• [YOUR OBJECTIVE] Which lines of the data include the string "qpow"? List them all.

==== ENTRIES SUPPLIED ====

(* Let $K$ be a field containing $\mathbb{F}_q$ and let $B\in\mathrm{GL}_n(K)$, and set $B^*=(B^{-1})^T$. Then the systems $BX^{(q)}=X$ and $B^*X^{(q)}=X$ have the same splitting field over $K$.
   Context: $X^{(q)}$ denotes entrywise $q$-th power. The splitting field over $K$ of the system $CX^{(q)}=X$ (for $C\in\mathrm{GL}_n(K)$) is the subfield of a separable closure $K_{\mathrm{sep}}$ generated over $K$ by the coordinates of all solutions $X\in K_{\mathrm{sep}}^n$. *)

theory Defs
  imports "HOL-Analysis.Analysis" "HOL-Computational_Algebra.Polynomial"
begin

definition is_subfield :: "'a::field set \<Rightarrow> bool" where
  "is_subfield F \<longleftrightarrow> 0 \<in> F \<and> 1 \<in> F \<and>
     (\<forall>x\<in>F. \<forall>y\<in>F. x + y \<in> F \<and> x - y \<in> F \<and> x * y \<in> F) \<and>
     (\<forall>x\<in>F. inverse x \<in> F)"

definition gen_field :: "'a::field set \<Rightarrow> 'a set" where
  "gen_field S = \<Inter>{F. is_subfield F \<and> S \<subseteq> F}"

definition separable_poly :: "'a::field poly \<Rightarrow> bool" where
  "separable_poly p \<longleftrightarrow> coprime p (pderiv p)"

text \<open>The whole ambient field (UNIV of type 'a) is a separable closure of K:
  it is separably closed, and every element is algebraic and separable over K.\<close>
definition is_separable_closure_of :: "'a::field set \<Rightarrow> bool" where
  "is_separable_closure_of K \<longleftrightarrow> is_subfield K \<and>
     (\<forall>p::'a poly. degree p > 0 \<and> separable_poly p \<longrightarrow> (\<exists>x. poly p x = 0)) \<and>
     (\<forall>x::'a. \<exists>p. p \<noteq> 0 \<and> (\<forall>i. coeff p i \<in> K) \<and> separable_poly p \<and> poly p x = 0)"

definition qpow :: "nat \<Rightarrow> 'a::field ^ 'n \<Rightarrow> 'a ^ 'n" where
  "qpow q X = (\<chi> i. (X $ i) ^ q)"

definition splitting_field ::
  "'a::field set \<Rightarrow> nat \<Rightarrow> 'a ^ 'n ^ 'n \<Rightarrow> 'a set" where
  "splitting_field K q C =
     gen_field (K \<union> {X $ i | X i. C *v qpow q X = X})"

end

theory Submission
  imports Defs
begin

====

• [EXERCISE SOLUTION]
definition qpow :: "nat \<Rightarrow> 'a::field ^ 'n \<Rightarrow> 'a ^ 'n" where
  "qpow q X = (\<chi> i. (X $ i) ^ q)"
     gen_field (K \<union> {X $ i | X i. C *v qpow q X = X})"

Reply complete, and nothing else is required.